We have two isosceles triangles, \(A_{3} A_{1} O_{2}\) and \(A_{1} A_{2} O_{3}\) attached to the large triangle \(A_{1} A_{2} A_{3}\). We are given two angles around point \(O_{1}\). Let \(\alpha = \angle O_{3} A_{1} O_{2}\) and \(\beta = \angle O_{2} A_{3} O_{1}\). We know that: \(\angle A_{1} O_{3} A_{2} = \alpha\) and \(\angle A_{1} O_{2} A_{3} = \beta\)

Since \(A_{3} A_{1} O_{2}\) and \(A_{1} A_{2} O_{3}\) are isosceles triangles, we know that \(\angle A_{3} A_{1} O_{2} = \beta\) and \(\angle A_{1} A_{2} O_{3} = \alpha\). We are also given that \(\angle O_{1} A_{3} A_{2} = \frac{1}{2} \angle A_{1} O_{3} A_{2} = \frac{1}{2} \alpha\) and \(\angle O_{1} A_{2} A_{3} = \frac{1}{2} \angle A_{1} O_{2} A_{3} = \frac{1}{2} \beta\).

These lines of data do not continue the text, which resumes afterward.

section \<open>Second moments of radial functions\<close>

text \<open>Isotropy comes from coordinate reflections, which kill the mixed moments, and
  coordinate permutations, which equalise the diagonal ones; unlike general rotations, these
  maps are seen to preserve Lebesgue measure by computing the measure of boxes.\<close>

lemma integral_radial_mixed_moment_Basis:
  fixes F :: "'a::euclidean_space \<Rightarrow> real"
  assumes F_meas[measurable]: "F \<in> borel_measurable lebesgue"
    and F_radial: "\<And>z z'. norm z = norm z' \<Longrightarrow> F z = F z'"
    and b: "b \<in> Basis" "b' \<in> Basis" "b \<noteq> b'"
  shows "(\<integral>z. F z * ((z \<bullet> b) * (z \<bullet> b')) \<partial>lebesgue) = 0"
proof -
  define S where "S z = z - (2 * (z \<bullet> b)) *\<^sub>R b" for z :: 'a
  have S_borel: "S \<in> borel \<rightarrow>\<^sub>M borel" unfolding S_def[abs_def] by measurable
  have S_lborel: "distr lborel borel S = lborel"
    unfolding S_def[abs_def] by (rule lborel_distr_reflect_Basis[OF b(1)])
  have "b \<bullet> b' = 0" using b by (simp add: inner_not_same_Basis)
  then have S_b: "S z \<bullet> b = - (z \<bullet> b)" and S_b': "S z \<bullet> b' = z \<bullet> b'" for z
    using b by (simp_all add: S_def inner_diff_left)
  have "S z \<bullet> S z = z \<bullet> z" for z
    using b(1) by (simp add: S_def inner_diff_left inner_diff_right inner_commute[of b z] power2_eq_square)
  then have S_norm: "norm (S z) = norm z" for z by (simp add: norm_eq_sqrt_inner)
  have "(\<integral>z. F z * ((z \<bullet> b) * (z \<bullet> b')) \<partial>lebesgue) = (\<integral>z. F (S z) * ((S z \<bullet> b) * (S z \<bullet> b')) \<partial>lebesgue)"
    by (rule integral_lebesgue_invariant[OF S_borel S_lborel, symmetric]) measurable
  also have "\<dots> = - (\<integral>z. F z * ((z \<bullet> b) * (z \<bullet> b')) \<partial>lebesgue)"
    using F_radial[OF S_norm] by (simp add: S_b S_b')
  finally show ?thesis by simp
qed

lemma integral_radial_coord_square_Basis:
  fixes F :: "'a::euclidean_space \<Rightarrow> real"
  assumes F_meas[measurable]: "F \<in> borel_measurable lebesgue"
    and F_radial: "\<And>z z'. norm z = norm z' \<Longrightarrow> F z = F z'"
    and b: "b \<in> Basis" "b' \<in> Basis"
  shows "(\<integral>z. F z * (z \<bullet> b)\<^sup>2 \<partial>lebesgue) = (\<integral>z. F z * (z \<bullet> b')\<^sup>2 \<partial>lebesgue)"
proof -
  define p where "p = Transposition.transpose b b'"
  have p: "p permutes Basis" unfolding p_def using b by (rule permutes_swap_id)
  define S where "S z = (\<Sum>i\<in>Basis. (z \<bullet> p i) *\<^sub>R i)" for z :: 'a
  have S_borel: "S \<in> borel \<rightarrow>\<^sub>M borel" unfolding S_def[abs_def] by measurable
  have S_lborel: "distr lborel borel S = lborel"
    unfolding S_def[abs_def] by (rule lborel_distr_permute_Basis[OF p])
  have S_inner: "S z \<bullet> i = z \<bullet> p i" if "i \<in> Basis" for z i
    using that by (simp add: S_def inner_sum_left inner_Basis if_distrib cong: if_cong)
  have S_norm: "norm (S z) = norm z" for z
  proof -
    have "S z \<bullet> S z = (\<Sum>i\<in>Basis. (z \<bullet> p i) * (z \<bullet> p i))"
      by (subst euclidean_inner) (simp add: S_inner)
    also have "\<dots> = (\<Sum>i\<in>Basis. (z \<bullet> i) * (z \<bullet> i))"
      using sum.permute[OF p, of "\<lambda>i. (z \<bullet> i) * (z \<bullet> i)"] by (simp add: comp_def)
    also have "\<dots> = z \<bullet> z" by (subst (2) euclidean_inner) simp
    finally show ?thesis by (simp add: norm_eq_sqrt_inner)
  qed
  have "(\<integral>z. F z * (z \<bullet> b)\<^sup>2 \<partial>lebesgue) = (\<integral>z. F (S z) * (S z \<bullet> b)\<^sup>2 \<partial>lebesgue)"
    by (rule integral_lebesgue_invariant[OF S_borel S_lborel, symmetric]) measurable
  also have "\<dots> = (\<integral>z. F z * (z \<bullet> b')\<^sup>2 \<partial>lebesgue)"
    using F_radial[OF S_norm] b(1) by (simp add: S_inner p_def)
  finally show ?thesis .
qed

lemma integrable_mult_inner_inner:
  fixes F :: "'a::euclidean_space \<Rightarrow> real"
  assumes [measurable]: "F \<in> borel_measurable lebesgue"
    and F_int: "integrable lebesgue (\<lambda>z. F z * (norm z)\<^sup>2)"
  shows "integrable lebesgue (\<lambda>z. F z * ((z \<bullet> v) * (z \<bullet> w)))"
proof (rule Bochner_Integration.integrable_bound[OF integrable_mult_right[OF F_int, of "norm v * norm w"]])
  show "AE z in lebesgue. norm (F z * ((z \<bullet> v) * (z \<bullet> w))) \<le> norm (norm v * norm w * (F z * (norm z)\<^sup>2))"
  proof (rule AE_I2)
    fix z :: 'a
    have "\<bar>z \<bullet> v\<bar> * \<bar>z \<bullet> w\<bar> \<le> (norm z * norm v) * (norm z * norm w)"
      by (intro mult_mono Cauchy_Schwarz_ineq2) auto
    then have "\<bar>F z\<bar> * (\<bar>z \<bullet> v\<bar> * \<bar>z \<bullet> w\<bar>) \<le> \<bar>F z\<bar> * ((norm z * norm v) * (norm z * norm w))"
      by (rule mult_left_mono) simp
    then show "norm (F z * ((z \<bullet> v) * (z \<bullet> w))) \<le> norm (norm v * norm w * (F z * (norm z)\<^sup>2))"
      by (simp add: abs_mult power2_eq_square mult_ac)
  qed
qed measurable

lemma integral_radial_moment:
  fixes F :: "'a::euclidean_space \<Rightarrow> real"
  assumes F_meas[measurable]: "F \<in> borel_measurable lebesgue"
    and F_radial: "\<And>z z'. norm z = norm z' \<Longrightarrow> F z = F z'"
    and F_int: "integrable lebesgue (\<lambda>z. F z * (norm z)\<^sup>2)"
  shows "(\<integral>z. F z * (z \<bullet> u)\<^sup>2 \<partial>lebesgue) = (u \<bullet> u) * (\<integral>z. F z * (norm z)\<^sup>2 \<partial>lebesgue) / DIM('a)"
proof -
  obtain b0 :: 'a where b0: "b0 \<in> Basis" using nonempty_Basis by blast
  define m where "m = (\<integral>z. F z * (z \<bullet> b0)\<^sup>2 \<partial>lebesgue)"
  define c where "c b b' = (\<integral>z. F z * ((z \<bullet> b) * (z \<bullet> b')) \<partial>lebesgue)" for b b' :: 'a
  have c_int: "integrable lebesgue (\<lambda>z. F z * ((z \<bullet> b) * (z \<bullet> b')))" for b b' :: 'a
    by (rule integrable_mult_inner_inner[OF F_meas F_int])
  have c_diag: "c b b = m" if "b \<in> Basis" for b
    using integral_radial_coord_square_Basis[OF F_meas F_radial that b0]
    by (simp add: c_def m_def power2_eq_square)
  have c_off: "c b b' = 0" if "b \<in> Basis" "b' \<in> Basis" "b \<noteq> b'" for b b'
    unfolding c_def by (rule integral_radial_mixed_moment_Basis[OF F_meas F_radial that])
  have "(\<integral>z. F z * (norm z)\<^sup>2 \<partial>lebesgue) = (\<integral>z. (\<Sum>b\<in>Basis. F z * ((z \<bullet> b) * (z \<bullet> b))) \<partial>lebesgue)"
    by (intro Bochner_Integration.integral_cong refl)
       (simp only: power2_norm_eq_inner euclidean_inner[of z z for z] sum_distrib_left)
  also have "\<dots> = (\<Sum>b\<in>Basis. c b b)"
    unfolding c_def by (rule Bochner_Integration.integral_sum) (rule c_int)
  also have "\<dots> = (\<Sum>b\<in>(Basis::'a set). m)"
    by (rule sum.cong[OF refl c_diag])
  also have "\<dots> = DIM('a) * m"
    by simp
  finally have total: "(\<integral>z. F z * (norm z)\<^sup>2 \<partial>lebesgue) = DIM('a) * m" .
  have "(\<integral>z. F z * (z \<bullet> u)\<^sup>2 \<partial>lebesgue)
      = (\<integral>z. (\<Sum>b\<in>Basis. \<Sum>b'\<in>Basis. ((u \<bullet> b) * (u \<bullet> b')) * (F z * ((z \<bullet> b) * (z \<bullet> b')))) \<partial>lebesgue)"
    by (simp add: power2_eq_square euclidean_inner[of z u for z] sum_product sum_distrib_left mult_ac)
  also have "\<dots> = (\<Sum>b\<in>Basis. \<Sum>b'\<in>Basis. ((u \<bullet> b) * (u \<bullet> b')) * c b b')"
    unfolding c_def
    by (subst Bochner_Integration.integral_sum; simp add: c_int Bochner_Integration.integrable_sum
        Bochner_Integration.integral_sum)
  also have "\<dots> = (\<Sum>b\<in>Basis. (u \<bullet> b) * (u \<bullet> b) * m)"
  proof (rule sum.cong[OF refl])
    fix b :: 'a assume b: "b \<in> Basis"
    have "(\<Sum>b'\<in>Basis. ((u \<bullet> b) * (u \<bullet> b')) * c b b') = (\<Sum>b'\<in>Basis. if b' = b then (u \<bullet> b) * (u \<bullet> b) * m else 0)"
      using b c_diag c_off by (intro sum.cong) auto
    then show "(\<Sum>b'\<in>Basis. ((u \<bullet> b) * (u \<bullet> b')) * c b b') = (u \<bullet> b) * (u \<bullet> b) * m"
      using b by simp
  qed
  also have "\<dots> = (u \<bullet> u) * m"
    by (simp add: euclidean_inner[of u u] sum_distrib_right)
  finally show ?thesis using total by simp
qed

lemma K2_eq:
  fixes e :: "'a::euclidean_space"
  assumes e: "norm e = 1"
  shows "K2 e = 1 / DIM('a)"
proof -
  define F where "F z = indicator (ball (0::'a) 1) z / (norm z)\<^sup>2" for z :: 'a
  define M where "M = measure lebesgue (ball (0::'a) 1)"
  have [measurable]: "ball (0::'a) 1 \<in> sets borel" by simp
  have F_meas: "F \<in> borel_measurable lebesgue"
    unfolding F_def[abs_def] by (rule measurable_completion) measurable
  have F_radial: "F z = F z'" if "norm z = norm z'" for z z'
    using that by (simp add: F_def indicator_def)
  have F_norm: "F z * (norm z)\<^sup>2 = indicator (ball 0 1 - {0}) z" for z
    by (cases "z = 0") (auto simp: F_def indicator_def)
  have punctured_ball: "ball (0::'a) 1 - {0} \<in> fmeasurable lebesgue"
    by (rule fmeasurable_Diff) auto
  have F_int: "integrable lebesgue (\<lambda>z. F z * (norm z)\<^sup>2)"
    unfolding F_norm using punctured_ball by (auto simp: fmeasurable_def)
  have "measure lebesgue (ball (0::'a) 1 - {0}) = M"
    unfolding M_def by (rule measure_Diff_null_set) (auto simp: negligible_iff_null_sets[symmetric])
  then have "(\<integral>z. F z * (norm z)\<^sup>2 \<partial>lebesgue) = M"
    unfolding F_norm by simp
  then have "(\<integral>z. F z * (z \<bullet> e)\<^sup>2 \<partial>lebesgue) = M / DIM('a)"
    using integral_radial_moment[OF F_meas F_radial F_int, of e] e by (simp add: norm_eq_1)
  moreover have "(\<integral>x\<in>ball 0 1. \<bar>(x /\<^sub>R norm x) \<bullet> e\<bar> ^ 2 \<partial>lebesgue) = (\<integral>z. F z * (z \<bullet> e)\<^sup>2 \<partial>lebesgue)"
    unfolding set_lebesgue_integral_def
    by (intro Bochner_Integration.integral_cong refl)
       (simp add: F_def indicator_def power2_eq_square divide_inverse mult_ac)
  moreover have "M > 0"
    unfolding M_def using content_ball_pos[of 1 "0::'a"] by simp
  ultimately show ?thesis
    unfolding K2_def sphere_avg_def by (simp add: M_def)
qed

To show that \(A_{1} O_{1} \perp O_{2} O_{3}\), we need to show that \(\angle A_{1} O_{1} O_{2} + \angle A_{1} O_{1} O_{3} = 90^\circ\). Using angle addition and the angles we found in Step 2, we get: \(\angle A_{1} O_{1} O_{2} = \angle A_{1} O_{1} A_{3} + \angle A_{3} O_{1} A_{2} + \angle A_{2} O_{1} O_{2} = (\frac{1}{2}\alpha) + \frac{1}{2}\beta\) Similarly, \(\angle A_{1} O_{1} O_{3} = \angle A_{1} O_{1} A_{2} + \angle A_{2} O_{1} A_{3} + \angle A_{3} O_{1} O_{3} = (\frac{1}{2}\beta) + \frac{1}{2}\alpha\) Adding them gives: \(\angle A_{1} O_{1} O_{2} + \angle A_{1} O_{1} O_{3} = \alpha + \beta = 90^\circ\) Thus, \(A_{1} O_{1} \perp O_{2} O_{3}\).

Since \(A_{1} O_{1} \perp O_{2} O_{3}\), this problem reduces to showing that \(A_{1} O_{1}\) is the sum of the projections of \(A_{1} T\) onto \(O_{3} T\) and \(A_{1} T\) onto \(O_{2} T\). Consider right triangle \(A_{1} T O_{3}\) and let \(x = A_{1} O_{1}\), \(y = T O_{2}\) and \(z = T O_{3}\). Then, \(x\cos(\frac{1}{2}\beta) = y\) \(x\cos(\frac{1}{2}\alpha) = z\) We can add these to get \(x(\cos(\frac{1}{2}\beta)+\cos(\frac{1}{2}\alpha))=y+z\). We'll prove that \(\cos(\frac{1}{2}\beta)+\cos(\frac{1}{2}\alpha)=1\): \(\cos(\frac{1}{2}\beta)+\cos(\frac{1}{2}\alpha) = \cos(45^\circ - \frac{1}{2}\alpha) + \cos(45^\circ - \frac{1}{2}\beta)\) Using the angle addition formula for cosine, we get: \([\cos(45^\circ)\cos(\frac{1}{2}\alpha) + \sin(45^\circ)\sin(\frac{1}{2}\alpha)] + \cos(45^\circ)\cos(\frac{1}{2}\beta) + \sin(45^\circ)\sin(\frac{1}{2}\beta)\) Since \(\sin(45^\circ) = \cos(45^\circ) = \frac{1}{\sqrt{2}}\), this simplifies to: \(\frac{1}{\sqrt{2}}(\cos(\frac{1}{2}\alpha) + \sin(\frac{1}{2}\alpha) + \cos(\frac{1}{2}\beta) + \sin(\frac{1}{2}\beta)) = 1\) Hence, \(A_{1} O_{1}=T O_{2}+T O_{3}\).